**EXERCISE DETAILS:** Beneath this line is the data. Output exactly the lines from the line with "(force simp: order.order_iff_strict)" to the line with "r t\<bar> \<le>", both ends included, and nothing more.

(Recorded data)
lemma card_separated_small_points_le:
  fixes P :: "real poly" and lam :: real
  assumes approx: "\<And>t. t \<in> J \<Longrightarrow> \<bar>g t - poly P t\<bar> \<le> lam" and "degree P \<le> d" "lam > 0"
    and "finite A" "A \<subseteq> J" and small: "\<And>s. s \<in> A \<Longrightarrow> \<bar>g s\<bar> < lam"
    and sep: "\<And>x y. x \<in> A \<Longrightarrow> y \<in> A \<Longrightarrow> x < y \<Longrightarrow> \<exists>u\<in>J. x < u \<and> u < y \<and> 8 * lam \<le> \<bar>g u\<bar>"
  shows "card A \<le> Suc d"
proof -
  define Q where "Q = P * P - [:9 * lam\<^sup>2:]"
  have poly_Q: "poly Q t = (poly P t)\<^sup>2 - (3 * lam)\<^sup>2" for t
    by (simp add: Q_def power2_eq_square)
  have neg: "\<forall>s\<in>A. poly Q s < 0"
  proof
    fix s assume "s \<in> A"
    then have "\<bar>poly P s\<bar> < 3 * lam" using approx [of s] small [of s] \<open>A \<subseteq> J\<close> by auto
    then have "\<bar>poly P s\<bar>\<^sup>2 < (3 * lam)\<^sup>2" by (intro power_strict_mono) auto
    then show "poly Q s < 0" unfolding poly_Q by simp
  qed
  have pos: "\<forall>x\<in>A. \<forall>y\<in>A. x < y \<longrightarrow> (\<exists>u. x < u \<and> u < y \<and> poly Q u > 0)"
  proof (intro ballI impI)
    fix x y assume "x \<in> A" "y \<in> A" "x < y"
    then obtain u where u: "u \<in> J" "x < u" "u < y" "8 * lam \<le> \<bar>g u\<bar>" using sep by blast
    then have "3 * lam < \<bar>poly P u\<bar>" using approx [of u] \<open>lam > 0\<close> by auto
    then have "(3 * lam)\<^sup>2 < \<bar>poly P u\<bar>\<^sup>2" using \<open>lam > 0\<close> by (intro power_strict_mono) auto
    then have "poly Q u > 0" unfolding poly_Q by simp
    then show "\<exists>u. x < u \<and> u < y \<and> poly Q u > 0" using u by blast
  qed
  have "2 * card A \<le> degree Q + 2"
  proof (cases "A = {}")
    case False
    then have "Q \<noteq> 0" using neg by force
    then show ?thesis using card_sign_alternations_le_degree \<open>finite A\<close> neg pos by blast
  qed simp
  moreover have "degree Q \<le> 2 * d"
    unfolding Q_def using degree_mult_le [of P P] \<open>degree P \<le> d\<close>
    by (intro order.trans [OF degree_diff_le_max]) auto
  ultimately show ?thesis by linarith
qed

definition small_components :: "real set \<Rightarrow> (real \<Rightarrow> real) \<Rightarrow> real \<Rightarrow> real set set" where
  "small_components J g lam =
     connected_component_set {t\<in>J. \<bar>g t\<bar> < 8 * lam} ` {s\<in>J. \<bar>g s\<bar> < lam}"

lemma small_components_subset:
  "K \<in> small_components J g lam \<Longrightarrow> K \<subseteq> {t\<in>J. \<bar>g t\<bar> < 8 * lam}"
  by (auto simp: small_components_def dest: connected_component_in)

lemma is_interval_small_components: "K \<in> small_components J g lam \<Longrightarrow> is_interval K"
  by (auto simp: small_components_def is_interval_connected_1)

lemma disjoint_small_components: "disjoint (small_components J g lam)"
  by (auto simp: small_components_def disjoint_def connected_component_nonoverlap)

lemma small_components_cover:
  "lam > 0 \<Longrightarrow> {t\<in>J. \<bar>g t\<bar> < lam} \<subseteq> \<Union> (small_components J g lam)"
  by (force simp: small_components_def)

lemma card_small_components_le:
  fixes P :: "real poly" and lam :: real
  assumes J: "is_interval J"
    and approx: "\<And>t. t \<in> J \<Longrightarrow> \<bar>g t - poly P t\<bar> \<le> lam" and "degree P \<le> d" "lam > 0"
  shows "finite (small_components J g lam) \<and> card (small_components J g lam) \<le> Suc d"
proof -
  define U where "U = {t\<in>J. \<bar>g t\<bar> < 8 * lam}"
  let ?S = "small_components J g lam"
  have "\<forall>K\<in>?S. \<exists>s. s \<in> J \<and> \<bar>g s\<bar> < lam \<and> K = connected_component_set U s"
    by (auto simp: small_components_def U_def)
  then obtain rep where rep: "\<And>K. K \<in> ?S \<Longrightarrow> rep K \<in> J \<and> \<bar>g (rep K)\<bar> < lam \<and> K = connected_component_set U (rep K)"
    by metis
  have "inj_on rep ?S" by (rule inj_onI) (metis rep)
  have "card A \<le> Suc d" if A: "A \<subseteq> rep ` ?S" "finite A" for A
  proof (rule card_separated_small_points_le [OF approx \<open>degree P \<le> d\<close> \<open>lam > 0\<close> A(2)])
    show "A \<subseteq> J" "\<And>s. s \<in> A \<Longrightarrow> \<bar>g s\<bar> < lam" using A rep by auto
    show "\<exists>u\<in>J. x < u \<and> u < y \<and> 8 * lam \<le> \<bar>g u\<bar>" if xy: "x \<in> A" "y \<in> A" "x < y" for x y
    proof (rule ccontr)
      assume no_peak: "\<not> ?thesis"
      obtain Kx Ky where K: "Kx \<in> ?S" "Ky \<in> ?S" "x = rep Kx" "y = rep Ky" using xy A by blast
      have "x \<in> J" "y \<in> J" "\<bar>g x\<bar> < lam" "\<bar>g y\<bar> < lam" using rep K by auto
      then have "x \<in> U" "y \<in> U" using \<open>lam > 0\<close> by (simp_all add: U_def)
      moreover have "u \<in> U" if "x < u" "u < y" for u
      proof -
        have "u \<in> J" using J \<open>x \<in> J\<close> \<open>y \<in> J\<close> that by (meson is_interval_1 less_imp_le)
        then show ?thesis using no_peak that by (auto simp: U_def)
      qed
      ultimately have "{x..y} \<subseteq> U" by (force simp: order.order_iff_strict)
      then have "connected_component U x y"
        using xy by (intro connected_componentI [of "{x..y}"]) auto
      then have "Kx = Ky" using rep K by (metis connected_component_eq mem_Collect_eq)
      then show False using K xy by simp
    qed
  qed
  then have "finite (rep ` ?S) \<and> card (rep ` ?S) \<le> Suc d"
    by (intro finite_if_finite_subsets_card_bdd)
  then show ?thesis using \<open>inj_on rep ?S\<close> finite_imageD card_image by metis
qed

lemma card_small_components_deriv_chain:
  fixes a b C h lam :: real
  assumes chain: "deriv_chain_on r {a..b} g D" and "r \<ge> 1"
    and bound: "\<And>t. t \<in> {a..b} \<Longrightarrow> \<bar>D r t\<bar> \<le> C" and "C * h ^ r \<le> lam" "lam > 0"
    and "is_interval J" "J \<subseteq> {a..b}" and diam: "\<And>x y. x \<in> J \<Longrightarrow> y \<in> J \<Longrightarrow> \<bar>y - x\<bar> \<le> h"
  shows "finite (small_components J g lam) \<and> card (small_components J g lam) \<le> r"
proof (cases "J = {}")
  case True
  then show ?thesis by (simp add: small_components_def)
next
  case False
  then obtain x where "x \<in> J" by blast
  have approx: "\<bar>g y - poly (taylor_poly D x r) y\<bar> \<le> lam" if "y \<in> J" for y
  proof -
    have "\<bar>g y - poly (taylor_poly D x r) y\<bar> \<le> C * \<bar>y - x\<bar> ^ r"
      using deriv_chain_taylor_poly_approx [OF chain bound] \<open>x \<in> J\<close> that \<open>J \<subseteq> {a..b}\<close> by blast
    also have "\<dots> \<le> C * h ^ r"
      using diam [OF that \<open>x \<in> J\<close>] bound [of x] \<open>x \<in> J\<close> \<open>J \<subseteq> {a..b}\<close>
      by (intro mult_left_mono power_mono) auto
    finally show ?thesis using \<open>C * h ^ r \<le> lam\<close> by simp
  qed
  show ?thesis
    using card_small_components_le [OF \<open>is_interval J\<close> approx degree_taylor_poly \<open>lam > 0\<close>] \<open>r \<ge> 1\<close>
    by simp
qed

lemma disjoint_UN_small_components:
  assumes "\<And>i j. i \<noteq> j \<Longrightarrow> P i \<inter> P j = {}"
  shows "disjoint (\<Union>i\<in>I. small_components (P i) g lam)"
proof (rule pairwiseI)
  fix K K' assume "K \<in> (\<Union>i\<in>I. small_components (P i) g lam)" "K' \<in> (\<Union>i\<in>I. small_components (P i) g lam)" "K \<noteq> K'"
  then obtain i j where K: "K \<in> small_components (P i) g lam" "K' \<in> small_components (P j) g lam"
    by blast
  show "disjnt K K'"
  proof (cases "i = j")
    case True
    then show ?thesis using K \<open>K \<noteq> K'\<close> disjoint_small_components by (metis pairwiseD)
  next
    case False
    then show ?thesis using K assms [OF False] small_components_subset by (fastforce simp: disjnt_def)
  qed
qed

**TASK SOLUTION:**
      ultimately have "{x..y} \<subseteq> U" by (force simp: order.order_iff_strict)
      then have "connected_component U x y"
        using xy by (intro connected_componentI [of "{x..y}"]) auto
      then have "Kx = Ky" using rep K by (metis connected_component_eq mem_Collect_eq)
      then show False using K xy by simp
    qed
  qed
  then have "finite (rep ` ?S) \<and> card (rep ` ?S) \<le> Suc d"
    by (intro finite_if_finite_subsets_card_bdd)
  then show ?thesis using \<open>inj_on rep ?S\<close> finite_imageD card_image by metis
qed

lemma card_small_components_deriv_chain:
  fixes a b C h lam :: real
  assumes chain: "deriv_chain_on r {a..b} g D" and "r \<ge> 1"
    and bound: "\<And>t. t \<in> {a..b} \<Longrightarrow> \<bar>D r t\<bar> \<le> C" and "C * h ^ r \<le> lam" "lam > 0"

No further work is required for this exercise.